Payment is the last step… and the most critical
In the airline industry, the purchasing experience usually focuses on prices, routes and schedules. However, the checkout is where the sale is truly decided.
A friction at this stage (card declines, credit limits, etc.) can turn a determined customer into a lost purchase.
The Real Problem: Checkout Friction
- High-value tickets (family trips, long-haul, business travel)
- Group purchases
- Frequent card limits
- International users with different payment methods
- High sensitivity to abandonment at the final step
In travel overall, cart abandonment is around 85%.
The Economic Impact: Small Percentages, Big Numbers
The aviation sector moves billions every year.
According to forecasts from the International Air Transport Association (IATA), the global airline industry continues to grow in both profits and passenger numbers.
- A +1% increase in conversion can equal millions of additional euros annually.
- A −1% decrease in checkout abandonment has a direct impact on EBITDA.
- Recovering declined payments can mean revenue that was already commercially “won”.
Beyond Split Payments: What Flexible Payments Really Mean
Flexibility is not just about allowing two cards. It means offering an ecosystem that adapts to the user.

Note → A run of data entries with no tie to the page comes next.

lemma sparse_sum_le_maxop:
  fixes A B :: "real^'d \<Rightarrow> real^'n^'n" and U V :: "(real^'d) set \<Rightarrow> real^'n^'n"
    and h g :: "real^'d \<Rightarrow> real^'n"
  assumes "1 \<le> p" "1 \<le> r" "1 \<le> s" "\<forall>Q\<in>cubes. spd (U Q)" "\<forall>Q\<in>cubes. spd (V Q)"
    and "0 < \<eta>" "sparse \<eta> S"
  shows "(\<Sum>\<^sub>\<infinity>Q\<in>S. body_prod (cbody r Q (\<lambda>x. A x *v h x)) (cbody s Q (\<lambda>x. B x *v g x))
                     * ennreal (measure lebesgue Q))
         \<le> ennreal (1 / \<eta>) * (SUP Q\<in>cubes. ennreal (opnorm (V Q ** U Q)))
             * Lp_enn (ereal p) lebesgue (maxop V A r h)
             * Lp_enn (dual_exp p) lebesgue (maxop U B s g)"
proof -
  obtain E where E: "\<And>Q. Q \<in> S \<Longrightarrow> E Q \<in> sets lebesgue \<and> E Q \<subseteq> Q
                        \<and> \<eta> * measure lebesgue Q \<le> measure lebesgue (E Q)"
    and disj: "disjoint_family_on E S" and "S \<subseteq> cubes"
    using assms(7) unfolding sparse_def by blast
  define \<alpha> where
    "\<alpha> Q = Lp_norm (ereal r) (uniform_measure lebesgue Q) (\<lambda>x. matrix_inv (V Q) *v (A x *v h x))" for Q
  define \<beta> where
    "\<beta> Q = Lp_norm (ereal s) (uniform_measure lebesgue Q) (\<lambda>x. matrix_inv (U Q) *v (B x *v g x))" for Q
  define \<sigma> where "\<sigma> = (SUP Q\<in>cubes. ennreal (opnorm (V Q ** U Q)))"
  have "body_prod (cbody r Q (\<lambda>x. A x *v h x)) (cbody s Q (\<lambda>x. B x *v g x))
          * ennreal (measure lebesgue Q)
        \<le> ennreal (1 / \<eta>) * \<sigma> * (\<alpha> Q * \<beta> Q * emeasure lebesgue (E Q))" if "Q \<in> S" for Q
  proof -
    have Q: "Q \<in> cubes"
      using that \<open>S \<subseteq> cubes\<close> by blast
    have "body_prod (cbody r Q (\<lambda>x. A x *v h x)) (cbody s Q (\<lambda>x. B x *v g x))
        \<le> ennreal (opnorm (V Q ** U Q)) * \<alpha> Q * \<beta> Q"
      unfolding \<alpha>_def \<beta>_def using assms(2-5) Q
      by (intro body_prod_cbody_le cube_lebesgue_measure[OF Q]) auto
    also have "\<dots> \<le> \<sigma> * (\<alpha> Q * \<beta> Q)"
      unfolding \<sigma>_def mult.assoc using Q by (intro mult_right_mono SUP_upper) auto
    finally have "body_prod (cbody r Q (\<lambda>x. A x *v h x)) (cbody s Q (\<lambda>x. B x *v g x))
        \<le> \<sigma> * (\<alpha> Q * \<beta> Q)" .
    moreover have "ennreal (measure lebesgue Q) \<le> ennreal (1 / \<eta>) * emeasure lebesgue (E Q)"
      using E[OF that] cube_lebesgue_measure[OF Q] assms(6) by (intro measure_le_emeasure_portion) auto
    ultimately have "body_prod (cbody r Q (\<lambda>x. A x *v h x)) (cbody s Q (\<lambda>x. B x *v g x))
          * ennreal (measure lebesgue Q)
        \<le> \<sigma> * (\<alpha> Q * \<beta> Q) * (ennreal (1 / \<eta>) * emeasure lebesgue (E Q))"
      by (rule mult_mono) auto
    then show ?thesis
      by (simp add: mult_ac)
  qed
  moreover have "\<alpha> Q \<le> maxop V A r h x" "\<beta> Q \<le> maxop U B s g x" if "Q \<in> S" "x \<in> E Q" for Q x
    unfolding maxop_def \<alpha>_def \<beta>_def using that E[OF that(1)] \<open>S \<subseteq> cubes\<close>
    by (intro SUP_upper; auto)+
  then have "(\<Sum>Q\<in>Fin. \<alpha> Q * \<beta> Q * emeasure lebesgue (E Q))
      \<le> Lp_enn (ereal p) lebesgue (maxop V A r h) * Lp_enn (dual_exp p) lebesgue (maxop U B s g)"
    if "finite Fin" "Fin \<subseteq> S" for Fin
    using E assms(1) by (intro sum_disjoint_le_Lp_Hoelder[OF disj that(2,1)]) blast+
  ultimately show ?thesis
    unfolding \<sigma>_def mult.assoc[of _ _ "Lp_enn (dual_exp p) lebesgue (maxop U B s g)"]
    by (rule infsum_le_cmult_finite_sums_ennreal)
qed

Direct Benefits for Airlines:
- Higher conversion – every friction removed is a sale recovered.
- Fewer failed payments – fewer card limits = fewer losses at the final step.
- Improved user experience – payment no longer “gets in the way”.
- Higher average ticket size – it is easier to purchase higher-value flights when payment can be split.
- Competitive advantage
In short: checkouts that offer multi-card or group payment options can achieve conversion rates above 95% on card-initiated purchases.
Airlines that adopt flexible payment solutions do not just modernise their checkout; they protect revenue, increase conversion and improve brand perception.
The data already shows that this trend is not theoretical.